= Malik Gaisin =

Russian politician (born 1959)

Malik Favzaviyevich Gaisin (Ма́лик Фавзавиевич Га́йсин; born 26 February 1959, in Sverdlovsk) is a Russian entrepreneur and politician from Urals. He holds, or held, stakes in many major ventures in the region. In the past (1995–2000) he served as member of State Duma of the Russian Federation.

== Biography ==
In the end of 1980s he founded one of the first private businesses in Sverdlovsk that transformed into a limited company specializing in buying vouchers. Later Gaisin through this company managed to acquire regional agricultural holdings.
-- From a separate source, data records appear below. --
text \<open>Finite-dimensional Hilbert spaces C^n are modelled as complex ^ 'n for a finite
index type 'n; operators as complex ^ 'n ^ 'n (row index first).  Tensor products
are indexed by product types.\<close>

definition adj :: "complex^'n^'m \<Rightarrow> complex^'m^'n" where
  "adj A = (\<chi> i j. cnj (A $ j $ i))"

definition unitary :: "complex^'n^'n \<Rightarrow> bool" where
  "unitary U \<longleftrightarrow> U ** adj U = mat 1 \<and> adj U ** U = mat 1"

definition smult_mat :: "complex \<Rightarrow> complex^'n^'m \<Rightarrow> complex^'n^'m" where
  "smult_mat c X = (\<chi> i j. c * X $ i $ j)"

definition mtrace :: "complex^'n^'n \<Rightarrow> complex" where
  "mtrace X = (\<Sum>i\<in>UNIV. X $ i $ i)"

definition psd :: "complex^'n^'n \<Rightarrow> bool" where
  "psd X \<longleftrightarrow> (\<forall>v::complex^'n.
      Im (\<Sum>i\<in>UNIV. cnj (v $ i) * (X *v v) $ i) = 0 \<and>
      0 \<le> Re (\<Sum>i\<in>UNIV. cnj (v $ i) * (X *v v) $ i))"

definition density_op :: "complex^'n^'n \<Rightarrow> bool" where
  "density_op \<rho> \<longleftrightarrow> psd \<rho> \<and> mtrace \<rho> = 1"

definition proj :: "complex^'n \<Rightarrow> complex^'n^'n" where
  "proj \<psi> = (\<chi> i j. \<psi> $ i * cnj (\<psi> $ j))"

definition kron :: "complex^'a^'a \<Rightarrow> complex^'b^'b \<Rightarrow> complex^('a\<times>'b)^('a\<times>'b)" where
  "kron A B = (\<chi> p q. A $ fst p $ fst q * B $ snd p $ snd q)"

definition vtensor :: "complex^'a \<Rightarrow> complex^'b \<Rightarrow> complex^('a\<times>'b)" where
  "vtensor x y = (\<chi> p. x $ fst p * y $ snd p)"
In 2004 claims were published, suggesting that Gaisin owned about 10% industry in the Urals at the time with share packages in more than 100 enterprises.

He was elected State Duma deputy in 1995 at Kamensk-Uralsky electoral district № 163. As a member of parliament, he served in the Duma's Committee on Budget, Taxes, Banks and Finance in Moscow.

He was involved in many operations with industrial stakes in Urals, particularly with shares in the major Yekaterinburg factory Uralhimmash, where he was appointed director in 2008. In 2014 he became head of Kalinin Machine-Building Plant. Latest news reports state that he is currently interested in state-owned bakery business in Beryozovsky, Sverdlovsk Oblast.